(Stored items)
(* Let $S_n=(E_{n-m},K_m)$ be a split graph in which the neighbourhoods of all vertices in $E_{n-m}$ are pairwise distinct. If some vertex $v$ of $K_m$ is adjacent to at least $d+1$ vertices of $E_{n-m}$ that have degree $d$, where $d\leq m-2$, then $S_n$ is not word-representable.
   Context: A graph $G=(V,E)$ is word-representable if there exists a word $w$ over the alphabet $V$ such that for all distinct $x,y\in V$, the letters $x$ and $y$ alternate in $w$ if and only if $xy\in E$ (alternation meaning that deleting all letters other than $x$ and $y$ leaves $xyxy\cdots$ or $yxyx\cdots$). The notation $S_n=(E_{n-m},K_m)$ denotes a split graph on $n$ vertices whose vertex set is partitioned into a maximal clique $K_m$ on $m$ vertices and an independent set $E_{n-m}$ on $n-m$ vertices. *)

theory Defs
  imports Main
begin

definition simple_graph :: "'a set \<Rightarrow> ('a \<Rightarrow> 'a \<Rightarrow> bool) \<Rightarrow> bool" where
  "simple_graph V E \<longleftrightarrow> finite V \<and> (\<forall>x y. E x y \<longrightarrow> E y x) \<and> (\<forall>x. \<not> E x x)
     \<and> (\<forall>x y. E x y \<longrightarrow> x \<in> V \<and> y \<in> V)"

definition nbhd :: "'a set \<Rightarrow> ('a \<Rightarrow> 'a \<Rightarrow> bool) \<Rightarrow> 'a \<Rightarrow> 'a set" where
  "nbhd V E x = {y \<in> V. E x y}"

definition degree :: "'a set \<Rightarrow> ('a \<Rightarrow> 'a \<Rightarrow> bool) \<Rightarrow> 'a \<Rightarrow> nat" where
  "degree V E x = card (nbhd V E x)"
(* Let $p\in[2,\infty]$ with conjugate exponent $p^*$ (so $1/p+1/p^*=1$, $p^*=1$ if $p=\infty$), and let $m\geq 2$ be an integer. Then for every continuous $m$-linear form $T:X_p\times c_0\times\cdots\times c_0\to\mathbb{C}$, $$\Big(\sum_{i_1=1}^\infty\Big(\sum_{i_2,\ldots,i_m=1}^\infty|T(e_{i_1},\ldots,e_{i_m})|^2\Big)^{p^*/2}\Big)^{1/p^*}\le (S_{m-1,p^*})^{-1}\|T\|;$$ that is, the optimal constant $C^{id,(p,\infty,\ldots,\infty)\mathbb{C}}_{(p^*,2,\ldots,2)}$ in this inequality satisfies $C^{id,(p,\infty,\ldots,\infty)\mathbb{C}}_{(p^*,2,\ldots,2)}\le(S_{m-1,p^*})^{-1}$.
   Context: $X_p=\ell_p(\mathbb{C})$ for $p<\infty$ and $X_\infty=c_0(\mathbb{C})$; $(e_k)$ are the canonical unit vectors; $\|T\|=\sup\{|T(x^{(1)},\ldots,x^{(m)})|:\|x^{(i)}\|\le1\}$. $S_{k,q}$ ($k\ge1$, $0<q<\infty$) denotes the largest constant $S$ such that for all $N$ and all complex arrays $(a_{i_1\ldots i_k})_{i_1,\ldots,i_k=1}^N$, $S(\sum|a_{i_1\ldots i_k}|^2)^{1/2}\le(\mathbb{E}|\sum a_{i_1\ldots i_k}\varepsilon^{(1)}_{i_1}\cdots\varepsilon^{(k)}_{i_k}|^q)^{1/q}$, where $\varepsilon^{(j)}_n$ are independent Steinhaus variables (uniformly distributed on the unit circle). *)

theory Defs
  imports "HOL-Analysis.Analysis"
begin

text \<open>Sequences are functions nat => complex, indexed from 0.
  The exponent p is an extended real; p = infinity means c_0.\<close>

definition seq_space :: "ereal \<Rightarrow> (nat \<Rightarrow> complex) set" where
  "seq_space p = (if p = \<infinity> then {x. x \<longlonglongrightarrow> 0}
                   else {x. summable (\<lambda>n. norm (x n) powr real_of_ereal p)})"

## What is being asked
Please transcribe all of the entries precisely.

## Answer
(* Let $S_n=(E_{n-m},K_m)$ be a split graph in which the neighbourhoods of all vertices in $E_{n-m}$ are pairwise distinct. If some vertex $v$ of $K_m$ is adjacent to at least $d+1$ vertices of $E_{n-m}$ that have degree $d$, where $d\leq m-2$, then $S_n$ is not word-representable.
   Context: A graph $G=(V,E)$ is word-representable if there exists a word $w$ over the alphabet $V$ such that for all distinct $x,y\in V$, the letters $x$ and $y$ alternate in $w$ if and only if $xy\in E$ (alternation meaning that deleting all letters other than $x$ and $y$ leaves $xyxy\cdots$ or $yxyx\cdots$). The notation $S_n=(E_{n-m},K_m)$ denotes a split graph on $n$ vertices whose vertex set is partitioned into a maximal clique $K_m$ on $m$ vertices and an independent set $E_{n-m}$ on $n-m$ vertices. *)

theory Defs
  imports Main
begin

definition simple_graph :: "'a set \<Rightarrow> ('a \<Rightarrow> 'a \<Rightarrow> bool) \<Rightarrow> bool" where
  "simple_graph V E \<longleftrightarrow> finite V \<and> (\<forall>x y. E x y \<longrightarrow> E y x) \<and> (\<forall>x. \<not> E x x)
     \<and> (\<forall>x y. E x y \<longrightarrow> x \<in> V \<and> y \<in> V)"

definition nbhd :: "'a set \<Rightarrow> ('a \<Rightarrow> 'a \<Rightarrow> bool) \<Rightarrow> 'a \<Rightarrow> 'a set" where
  "nbhd V E x = {y \<in> V. E x y}"

definition degree :: "'a set \<Rightarrow> ('a \<Rightarrow> 'a \<Rightarrow> bool) \<Rightarrow> 'a \<Rightarrow> nat" where
  "degree V E x = card (nbhd V E x)"
(* Let $p\in[2,\infty]$ with conjugate exponent $p^*$ (so $1/p+1/p^*=1$, $p^*=1$ if $p=\infty$), and let $m\geq 2$ be an integer. Then for every continuous $m$-linear form $T:X_p\times c_0\times\cdots\times c_0\to\mathbb{C}$, $$\Big(\sum_{i_1=1}^\infty\Big(\sum_{i_2,\ldots,i_m=1}^\infty|T(e_{i_1},\ldots,e_{i_m})|^2\Big)^{p^*/2}\Big)^{1/p^*}\le (S_{m-1,p^*})^{-1}\|T\|;$$ that is, the optimal constant $C^{id,(p,\infty,\ldots,\infty)\mathbb{C}}_{(p^*,2,\ldots,2)}$ in this inequality satisfies $C^{id,(p,\infty,\ldots,\infty)\mathbb{C}}_{(p^*,2,\ldots,2)}\le(S_{m-1,p^*})^{-1}$.
   Context: $X_p=\ell_p(\mathbb{C})$ for $p<\infty$ and $X_\infty=c_0(\mathbb{C})$; $(e_k)$ are the canonical unit vectors; $\|T\|=\sup\{|T(x^{(1)},\ldots,x^{(m)})|:\|x^{(i)}\|\le1\}$. $S_{k,q}$ ($k\ge1$, $0<q<\infty$) denotes the largest constant $S$ such that for all $N$ and all complex arrays $(a_{i_1\ldots i_k})_{i_1,\ldots,i_k=1}^N$, $S(\sum|a_{i_1\ldots i_k}|^2)^{1/2}\le(\mathbb{E}|\sum a_{i_1\ldots i_k}\varepsilon^{(1)}_{i_1}\cdots\varepsilon^{(k)}_{i_k}|^q)^{1/q}$, where $\varepsilon^{(j)}_n$ are independent Steinhaus variables (uniformly distributed on the unit circle). *)

theory Defs
  imports "HOL-Analysis.Analysis"
begin

text \<open>Sequences are functions nat => complex, indexed from 0.
  The exponent p is an extended real; p = infinity means c_0.\<close>

definition seq_space :: "ereal \<Rightarrow> (nat \<Rightarrow> complex) set" where
  "seq_space p = (if p = \<infinity> then {x. x \<longlonglongrightarrow> 0}
                   else {x. summable (\<lambda>n. norm (x n) powr real_of_ereal p)})"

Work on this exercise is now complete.